Today…well, I looked into it, too. What am I hiding? Big stuff? Little stuff? Medium sized stuff?
More stuff than I realized, I’ll tell you that. I found some stuff that I am ok with not sharing with the world, and some stuff that I might need to stop hiding eventually, and some stuff that I’m hiding because I don’t know what is true about me anymore–I’m changing, and the old story doesn’t fit, but the new one isn’t formed. I feel like a sea cucumber, hiding under a rock until I can regrow my insides.
But there are a few things I’ve decided to share, because trying to pretend they aren’t there is an old, leftover from when that kind of self-protection was really, really important.
That kind of protection isn’t necessary anymore.
In fact, it isn’t really even serving me. Either people will understand and love me, or they will think I’m a little nuts and love me, but I do not worry that the ones I love most will stop loving me because of who I am.

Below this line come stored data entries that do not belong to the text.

(* After leaving the band, every step moves the bias away from 0 by |x - p|. *)
lemma inactive_drift_eq:
  "n \<le> T \<Longrightarrow> \<not> active K h n \<Longrightarrow>
     K \<le> \<bar>bias h n\<bar> \<and> inactive_drift K h n = \<bar>bias h n\<bar> - \<bar>stopped_bias K h n\<bar>"
proof (induction n)
  case 0
  then show ?case
    using K_pos by (simp add: active_def bias_def)
next
  case (Suc n)
  have drift_Suc: "inactive_drift K h (Suc n) =
      inactive_drift K h n + of_bool (\<not> active K h n) * \<bar>outcome h n - forecast h n\<bar>"
    by (simp add: inactive_drift_def)
  show ?case
  proof (cases "active K h n")
    case True
    have "inactive_drift K h n = 0"
      unfolding inactive_drift_def by (rule sum.neutral) (use True active_mono in auto)
    moreover have "K \<le> \<bar>bias h (Suc n)\<bar>"
      using True Suc.prems by (auto simp: active_def le_Suc_eq)
    ultimately show ?thesis
      using True drift_Suc by (simp add: stopped_bias_Suc stopped_bias_eq_bias bias_Suc)
  next
    case False
    with Suc have IH: "K \<le> \<bar>bias h n\<bar>"
        "inactive_drift K h n = \<bar>bias h n\<bar> - \<bar>stopped_bias K h n\<bar>"
      by auto
    have n: "n < T"
      using Suc.prems by simp
    have "\<bar>bias h (Suc n)\<bar> = \<bar>bias h n\<bar> + \<bar>outcome h n - forecast h n\<bar>"
      using outcome_inactive[OF n False] forecast_range[OF n] IH(1) K_pos
      by (auto simp: bias_Suc)
    then show ?thesis
      using IH False drift_Suc by (auto simp: stopped_bias_Suc intro: add_increasing2)
  qed
qed

lemma inactive_drift_le_abs_bias: "inactive_drift K h T \<le> \<bar>bias h T\<bar>"
proof (cases "active K h T")
  case True
  then have "inactive_drift K h T = 0"
    unfolding inactive_drift_def by (intro sum.neutral) (auto intro: active_mono)
  then show ?thesis
    by simp
qed (use inactive_drift_eq[of T] in simp)

lemma forecast_deviation_noise_le:
  "forecast_deviation K h T + forecast_noise K h T - inactive_drift K h T / 2
     \<le> (\<Sum>s<T. (1/2 - forecast h s) * (outcome h s - forecast h s))"
proof -
  have "forecast_deviation K h T + forecast_noise K h T - inactive_drift K h T / 2 =
    (\<Sum>s<T. of_bool (active K h s) * (1/2 - forecast h s)\<^sup>2
        + of_bool (active K h s) * ((1/2 - forecast h s) * (outcome h s - 1/2))
        - of_bool (\<not> active K h s) * \<bar>outcome h s - forecast h s\<bar> / 2)"
    unfolding forecast_deviation_def forecast_noise_def inactive_drift_def
    by (simp only: sum.distrib sum_subtractf sum_divide_distrib)
  also have "\<dots> \<le> (\<Sum>s<T. (1/2 - forecast h s) * (outcome h s - forecast h s))"
  proof (rule sum_mono)
    fix s assume "s \<in> {..<T}"
    then have "0 \<le> forecast h s" "forecast h s \<le> 1"
      using forecast_range by auto
    then have "(1/2 - forecast h s) * (outcome h s - forecast h s)
        + \<bar>outcome h s - forecast h s\<bar> / 2 = (outcome h s - forecast h s)\<^sup>2"
      using outcome_0_or_1[of h s] by (auto simp: power2_eq_square field_simps)
    then have "- (\<bar>outcome h s - forecast h s\<bar> / 2)
        \<le> (1/2 - forecast h s) * (outcome h s - forecast h s)"
      using zero_le_power2[of "outcome h s - forecast h s"] by linarith
    then show "of_bool (active K h s) * (1/2 - forecast h s)\<^sup>2
        + of_bool (active K h s) * ((1/2 - forecast h s) * (outcome h s - 1/2))
        - of_bool (\<not> active K h s) * \<bar>outcome h s - forecast h s\<bar> / 2
        \<le> (1/2 - forecast h s) * (outcome h s - forecast h s)"
      by (cases "active K h s") (auto simp: power2_eq_square algebra_simps)
  qed
  finally show ?thesis .
qed

lemma stopped_bias_compensator_ge:
  "real T * of_bool (active K h T) / 8 - 8 * K\<^sup>2 * forecast_deviation K h T
     \<le> stopped_bias_compensator K h T"
proof -
  have "(\<Sum>s<T. of_bool (active K h s)) / 8 - 8 * K\<^sup>2 * forecast_deviation K h T =
        (\<Sum>s<T. of_bool (active K h s) * (1/8 - 8 * K\<^sup>2 * (1/2 - forecast h s)\<^sup>2))"
    unfolding forecast_deviation_def sum_divide_distrib sum_distrib_left sum_subtractf[symmetric]
    by (intro sum.cong refl) (simp add: algebra_simps)
  also have "\<dots> \<le> stopped_bias_compensator K h T"
    unfolding stopped_bias_compensator_def
  proof (rule sum_mono)
    fix s
    show "of_bool (active K h s) * (1/8 - 8 * K\<^sup>2 * (1/2 - forecast h s)\<^sup>2)
      \<le> of_bool (active K h s) *
          (1/4 + 2 * stopped_bias K h s * (1/2 - forecast h s) + (1/2 - forecast h s)\<^sup>2)"
      using compensator_increment_ge[of "stopped_bias K h s" K "1/2 - forecast h s"]
      by (auto simp: stopped_bias_eq_bias active_def)
  qed
  finally show ?thesis
    using active_steps_ge[of T K h] by linarith
qed

lemma
  shows abs_bias_le_CalDist: "\<bar>bias h T\<bar> \<le> CalDist T (\<lambda>t. fst (h ! t)) (\<lambda>t. snd (h ! t))"
    and weighted_bias_le_CalDist: "(2/3) * (\<Sum>s<T. (1/2 - forecast h s) * (outcome h s - forecast h s))
      \<le> CalDist T (\<lambda>t. fst (h ! t)) (\<lambda>t. snd (h ! t))"
  using abs_sum_bias_le_CalDist[where T = T and x = "\<lambda>t. fst (h ! t)" and p = "\<lambda>t. snd (h ! t)"]
    weighted_sum_bias_le_CalDist[where T = T and x = "\<lambda>t. fst (h ! t)" and p = "\<lambda>t. snd (h ! t)"]
    forecast_range
  by (simp_all add: bias_def outcome_def forecast_def)

lemma escape_le_CalDist:
  "K * (1 - of_bool (active K h T)) \<le> CalDist T (\<lambda>t. fst (h ! t)) (\<lambda>t. snd (h ! t))"
  using abs_bias_le_CalDist inactive_drift_eq[of T]
  by (cases "active K h T") simp_all

lemma forecast_deviation_noise_le_CalDist:
  "forecast_deviation K h T + forecast_noise K h T \<le> 2 * CalDist T (\<lambda>t. fst (h ! t)) (\<lambda>t. snd (h ! t))"
  using forecast_deviation_noise_le inactive_drift_le_abs_bias abs_bias_le_CalDist
    weighted_bias_le_CalDist
  by linarith

end

lemma threshold_history_play:
  assumes F: "\<And>h. 0 \<le> F h \<and> F h \<le> 1" and K: "0 < K"
    and h: "h \<in> set_pmf (play (threshold_adversary K) F T)"
  shows "threshold_history K h T" "length h = T"
proof -
  note play = set_pmf_play[OF h]
  show "length h = T"
    using play by simp
  show "threshold_history K h T"
  proof
    fix i assume i: "i < T" and "\<not> active K h i"
    then have "threshold_adversary K (take i h) = of_bool (0 < bias h i)"
      using play by (simp add: threshold_adversary_def active_take bias_take)
    then have "fst (h ! i) \<in> set_pmf (bernoulli_pmf (of_bool (0 < bias h i)))"
      using play i by metis
    then show "outcome h i = of_bool (0 < bias h i)"
      by (cases "0 < bias h i"; cases "fst (h ! i)") (auto simp: outcome_def set_pmf_iff)
  qed (use K F play in \<open>auto simp: forecast_def\<close>)
qed

lemma lower_bound_from_moments:
  fixes K e v \<alpha> T :: real
  assumes K: "128 \<le> K" and "K * (1 - \<alpha>) \<le> e" and "v \<le> 2 * e"
    and "T * \<alpha> / 8 - 8 * K\<^sup>2 * v \<le> (K + 1)\<^sup>2" and "T = K ^ 3"
  shows "K / 512 \<le> e"
proof (rule ccontr)
  assume "\<not> K / 512 \<le> e"
  have "0 < K"
    using K by simp
  have cube: "K ^ 3 = K\<^sup>2 * K"
    by (simp add: power2_eq_square power3_eq_cube)
  have "K * (1 - \<alpha>) < K * (1/512)"
    using assms(2) \<open>\<not> K / 512 \<le> e\<close> by simp
  then have "K ^ 3 * (511/512) \<le> K ^ 3 * \<alpha>"
    using \<open>0 < K\<close> by (intro mult_left_mono) simp_all
  moreover have "K\<^sup>2 * v \<le> K ^ 3 / 256"
    using assms(3) \<open>\<not> K / 512 \<le> e\<close> mult_left_mono[of v "K / 256" "K\<^sup>2"]
    by (simp add: cube)
  moreover have "K\<^sup>2 * 128 \<le> K ^ 3" "K * 128 \<le> K\<^sup>2"
    using K by (simp_all add: cube power2_eq_square mult_left_mono)
  moreover have "K ^ 3 * \<alpha> / 8 - 8 * (K\<^sup>2 * v) \<le> K\<^sup>2 + 2 * K + 1"
    using assms(4,5) by (simp add: power2_sum)
  ultimately show False
    using K by linarith
qed

context
  fixes K :: real and F :: "history \<Rightarrow> real" and T :: nat
  assumes F: "\<And>h. 0 \<le> F h \<and> F h \<le> 1" and K_pos: "0 < K"
begin

lemma expectation_threshold_play_mono:
  fixes f g :: "history \<Rightarrow> real"
  assumes "\<And>h. threshold_history K h T \<Longrightarrow> f h \<le> g h"
  shows "measure_pmf.expectation (play (threshold_adversary K) F T) f
    \<le> measure_pmf.expectation (play (threshold_adversary K) F T) g"
  using assms threshold_history_play[OF F K_pos] by (intro expectation_play_mono) auto

lemma escape_le_expected_caldist:
  "K * (1 - measure_pmf.expectation (play (threshold_adversary K) F T) (\<lambda>h. of_bool (active K h T)))
     \<le> expected_caldist (threshold_adversary K) F T"
proof -
  have "K * (1 - measure_pmf.expectation (play (threshold_adversary K) F T) (\<lambda>h. of_bool (active K h T)))
      = measure_pmf.expectation (play (threshold_adversary K) F T) (\<lambda>h. K * (1 - of_bool (active K h T)))"
    by simp
  also have "\<dots> \<le> expected_caldist (threshold_adversary K) F T"
    unfolding expected_caldist_def
    by (intro expectation_threshold_play_mono threshold_history.escape_le_CalDist)
  finally show ?thesis .
qed

lemma expectation_forecast_deviation_le:
  "measure_pmf.expectation (play (threshold_adversary K) F T) (\<lambda>h. forecast_deviation K h T)
     \<le> 2 * expected_caldist (threshold_adversary K) F T"
proof -
  have "measure_pmf.expectation (play (threshold_adversary K) F T) (\<lambda>h. forecast_deviation K h T)
    = measure_pmf.expectation (play (threshold_adversary K) F T)
        (\<lambda>h. forecast_deviation K h T + forecast_noise K h T)"
    using expectation_forecast_noise[of K F T] expectation_play_length[of _ F T "forecast_noise K"]
    by simp
  also have "\<dots> \<le> measure_pmf.expectation (play (threshold_adversary K) F T)
      (\<lambda>h. 2 * CalDist T (\<lambda>t. fst (h ! t)) (\<lambda>t. snd (h ! t)))"
    by (intro expectation_threshold_play_mono threshold_history.forecast_deviation_noise_le_CalDist)
  finally show ?thesis
    by (simp add: expected_caldist_def)
qed
definition commutator :: "('w set \<Rightarrow> 'w set) \<Rightarrow> ('w set \<Rightarrow> 'w set) \<Rightarrow> 'w set \<Rightarrow> 'w set" where
  "commutator f g A = sym_diff (f (g A)) (g (f A))"

lemma additive_opsD:
  assumes "f \<in> additive_ops U"
  shows "f A \<subseteq> U" and "f (sym_diff A B) = sym_diff (f A) (f B)" and "f (A \<inter> U) = f A"
  using assms unfolding additive_ops_def by auto

lemma add_in_additive_ops:
  "f \<in> additive_ops U \<Longrightarrow> g \<in> additive_ops U \<Longrightarrow> (\<lambda>A. sym_diff (f A) (g A)) \<in> additive_ops U"
  by (auto simp: additive_ops_def)

lemma commutator_in_additive_ops:
  "f \<in> additive_ops U \<Longrightarrow> g \<in> additive_ops U \<Longrightarrow> commutator f g \<in> additive_ops U"
  unfolding additive_ops_def commutator_def by auto

lemma abelian_group_op_algebra: "abelian_group (op_algebra U)"
proof (rule abelian_groupI)
  fix x y z
  assume "x \<in> carrier (op_algebra U)" "y \<in> carrier (op_algebra U)"
  then show "x \<oplus>\<^bsub>op_algebra U\<^esub> y \<in> carrier (op_algebra U)"
    by (simp add: op_algebra_def add_in_additive_ops)
  show "x \<oplus>\<^bsub>op_algebra U\<^esub> y \<oplus>\<^bsub>op_algebra U\<^esub> z = x \<oplus>\<^bsub>op_algebra U\<^esub> (y \<oplus>\<^bsub>op_algebra U\<^esub> z)"
    by (auto simp: op_algebra_def)
  show "x \<oplus>\<^bsub>op_algebra U\<^esub> y = y \<oplus>\<^bsub>op_algebra U\<^esub> x"
    by (auto simp: op_algebra_def)
next
  show "\<zero>\<^bsub>op_algebra U\<^esub> \<in> carrier (op_algebra U)"
    by (simp add: op_algebra_def additive_ops_def)
next
  fix x assume "x \<in> carrier (op_algebra U)"
  then show "\<exists>y\<in>carrier (op_algebra U). y \<oplus>\<^bsub>op_algebra U\<^esub> x = \<zero>\<^bsub>op_algebra U\<^esub>"
    by (intro bexI[of _ x]) (auto simp: op_algebra_def)
  show "\<zero>\<^bsub>op_algebra U\<^esub> \<oplus>\<^bsub>op_algebra U\<^esub> x = x"
    by (simp add: op_algebra_def)
qed
lemma excess_edge_ratio_bounds:
  fixes n h :: nat
  assumes n: "5 \<le> n" and h: "real h \<le> real n ^ 2 / 2 - 5 * real n / 2"
  defines "q \<equiv> (real n ^ 2 - 3 * real n) / (2 * (real n + real h))"
  shows "1 \<le> q" and "q * real (n - 1 + h) \<le> real ((n choose 2) - (n - 1))"
proof -
  have pos: "0 < real n + real h" using n by simp
  show "1 \<le> q" unfolding q_def using h pos by (simp add: field_simps)
  have "q * real (n - 1 + h) = (real n ^ 2 - 3 * real n) / 2 * ((real n + real h - 1) / (real n + real h))"
    unfolding q_def using n by (simp add: field_simps)
  also have "\<dots> \<le> (real n ^ 2 - 3 * real n) / 2"
  proof (rule mult_left_le)
    show "0 \<le> (real n ^ 2 - 3 * real n) / 2"
      using n by (simp add: power2_eq_square mult_right_mono)
  qed (use pos in simp_all)
  also have "\<dots> \<le> real ((n choose 2) - (n - 1))"
    using n unfolding choose_two_minus_eq of_nat_choose_two by (simp add: power2_eq_square field_simps)
  finally show "q * real (n - 1 + h) \<le> real ((n choose 2) - (n - 1))" .
qed

theorem lemma4:
  fixes n h :: nat
  assumes "n \<ge> 1"
    and "real h \<le> (real n)^2 / 2 - 5 * real n / 2"
  shows "real (card (C h n)) \<ge>
           real n ^ (n - 2) * ((real n ^ 2 - 3 * real n) / (2 * (real n + real h))) ^ h"
proof -
  have n: "n \<ge> 5"
  proof (rule ccontr)
    assume "\<not> 5 \<le> n"
    then have "n \<in> {1, 2, 3, 4}" using assms(1) by auto
    then show False using assms(2) by (auto simp: power2_eq_square)
  qed
  define q where "q = (real n ^ 2 - 3 * real n) / (2 * (real n + real h))"
  define B where "B = real ((n - 1 + h) choose h)"
  have "B > 0" unfolding B_def by simp
  have "q ^ h * B \<le> real (((n choose 2) - (n - 1)) choose h)"
    unfolding q_def B_def
    by (rule binomial_ge_power_times_binomial[OF excess_edge_ratio_bounds[OF n assms(2)]])
  then have "real n ^ (n - 2) * q ^ h * B \<le> real n ^ (n - 2) * real (((n choose 2) - (n - 1)) choose h)"
    by (simp add: mult.assoc mult_left_mono)
  also have "\<dots> \<le> real (card (C h n)) * B"
  proof -
    have "real (n ^ (n - 2) * (((n choose 2) - (n - 1)) choose h))
        \<le> real (card (C h n) * ((n - 1 + h) choose h))"
      using card_C_times_binomial_ge[of n h] n by (simp only: of_nat_le_iff)
    then show ?thesis unfolding B_def by simp
  qed
  finally have "real n ^ (n - 2) * q ^ h \<le> real (card (C h n))"
    using \<open>B > 0\<close> by (rule mult_right_le_imp_le)
  then show ?thesis unfolding q_def .
qed

end
lemma pos_add_zero_eq_pos: "x \<in> C \<Longrightarrow> P (x \<oplus> \<zero>) = P x"
  and negp_add_zero_eq_negp: "x \<in> C \<Longrightarrow> M (x \<oplus> \<zero>) = M x"
  using strong pos_add_zero negp_add_zero by (simp_all add: strong_qmv_def)

lemma add_zero_add_add_zero: "x \<in> C \<Longrightarrow> y \<in> C \<Longrightarrow> (x \<oplus> \<zero>) \<oplus> (y \<oplus> \<zero>) = x \<oplus> y"
  using add_pos_negp add_closed zero_closed pos_add_zero_eq_pos negp_add_zero_eq_negp by metis

lemma embedding_decompose: "embedding Q (prod_alg (regular_part Q) (flat_part Q)) (decompose Q)"
  unfolding embedding_def
proof (intro conjI ballI)
  show "inj_on (decompose Q) C"
    by (rule inj_on_decompose)
  show "decompose Q ` C \<subseteq> qcarrier (prod_alg (regular_part Q) (flat_part Q))"
    using decompose_in_carrier by blast
  show "decompose Q \<zero> = zero (prod_alg (regular_part Q) (flat_part Q))"
    by (simp add: decompose_def prod_alg_def regular_part_simps flat_part_def zero_add_zero)
  show "decompose Q \<one> = one (prod_alg (regular_part Q) (flat_part Q))"
    by (simp add: decompose_def prod_alg_def regular_part_simps flat_part_def one_add_zero)
  fix x assume x: "x \<in> C"
  show "decompose Q (x \<oplus> y) =
        add (prod_alg (regular_part Q) (flat_part Q)) (decompose Q x) (decompose Q y)"
    if "y \<in> C" for y
    using x that
    by (simp add: decompose_def prod_alg_def regular_part_simps flat_part_def sum_add_zero
        add_zero_add_add_zero)
  have "\<ominus> x \<oplus> \<zero> = \<ominus> x \<longleftrightarrow> x \<oplus> \<zero> = x"
    using neg_regular_iff[OF x] x neg_closed by (simp add: regular_elements_def)
  then show "decompose Q (\<ominus> x) = neg (prod_alg (regular_part Q) (flat_part Q)) (decompose Q x)"
    using x by (simp add: decompose_def prod_alg_def regular_part_simps flat_part_def neg_add_zero)
qed

end

theorem proposition3p1:
  fixes Q :: "'a qmv"
  assumes "strong_qmv Q"
  shows "\<exists>(B :: 'a set qmv) (F :: 'a set qmv) (f :: 'a \<Rightarrow> 'a set \<times> 'a set).
           mv_star_algebra B \<and> flat_strong_qmv F \<and>
           embedding Q (prod_alg B F) f \<and>
           ((mv_star_algebra Q \<or> flat_strong_qmv Q) \<longrightarrow>
              f ` qcarrier Q = qcarrier (prod_alg B F))"
proof -
  interpret strong_quasi_mv_star Q
    using assms by unfold_locales
  have "decompose Q ` C = qcarrier (prod_alg (regular_part Q) (flat_part Q))"
    if "mv_star_algebra Q \<or> flat_strong_qmv Q"
    using that
  proof
    assume "mv_star_algebra Q"
    then show ?thesis
      by (intro decompose_onto_if_all_regular) (simp add: regular_elements_mv_star)
  next
    assume "flat_strong_qmv Q"
    then show ?thesis
      by (intro decompose_onto_if_zero_eq_one) (simp add: flat_strong_qmv_def)
  qed
  then show ?thesis
    using mv_star_algebra_regular_part flat_strong_qmv_flat_part embedding_decompose by blast
qed

end
theorem lemma2p10:
  fixes r s :: int
  assumes "coprime r s"
  shows "\<exists>X Y :: 'a::field virtual_form. virtual_form X \<and> virtual_form Y \<and>
           gw_eq (gw_add (gw_mult X (n_eps r)) (gw_mult Y (n_eps s))) gw_one"
proof -
  obtain x y where bezout: "x * r + y * s = 1"
    using bezout_int[of r s] assms by auto
  then obtain x' y' where "x mod 2 = x' mod 2" "y mod 2 = y' mod 2"
    and bezout_mod_2: "x' * (r mod 2) + y' * (s mod 2) = 1"
    by (rule bezout_parity_lift)
  then obtain X Y :: "'a virtual_form" where X: "sign_form_with X x x'" and Y: "sign_form_with Y y y'"
    using sign_form_with_exists by metis
  have "sign_form_with (gw_add (gw_mult X (n_eps r)) (gw_mult Y (n_eps s)))
      (x * r + y * s) (x' * (r mod 2) + y' * (s mod 2))"
    by (intro sign_form_with_add sign_form_with_mult X Y sign_form_with_n_eps)
  then have "gw_eq (gw_add (gw_mult X (n_eps r)) (gw_mult Y (n_eps s))) gw_one"
    unfolding bezout bezout_mod_2 using sign_form_with_gw_one by (rule gw_eq_sign_form_with)
  with X Y show ?thesis
    by (blast intro: sign_form_with_virtual_form)
qed

end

That’s a huge change for me, a huge point of growth. I sometimes slip back into the old habits of thought and start to hide away again, but it isn’t necessary, and it isn’t about them. It’s my fear, my old habits, my challenge to change it.
The big thing that I don’t say out loud much is that I believe in stuff we can’t see or control or understand. I believe in things like intuition and tarot. I draw cards from an angel card deck that inevitably have something important for me during the day. When I read daily meditations I open the book randomly and almost always have more connection with the reading than I should by sheer chance. I believe in astrology, especially since watching ten major relationships implode at the end of March 2012, and watching several of them slowly knit back together as soon as the planets started to realign.
I do not believe in any of these things to the exclusion of logic or fact. My fear is that people will think I am irrational, illogical, or less smart because of my belief.
But I know I’m not. My experimental evidence–my lived experience–is that these things are important and useful tools.
I believe in the spirit, the light of that-which-is-holy, in every person. And I believe in some energy greater than ourselves that moves through the world.
If you didn’t get a chance to share yesterday, join me today: what is it time to tell the world?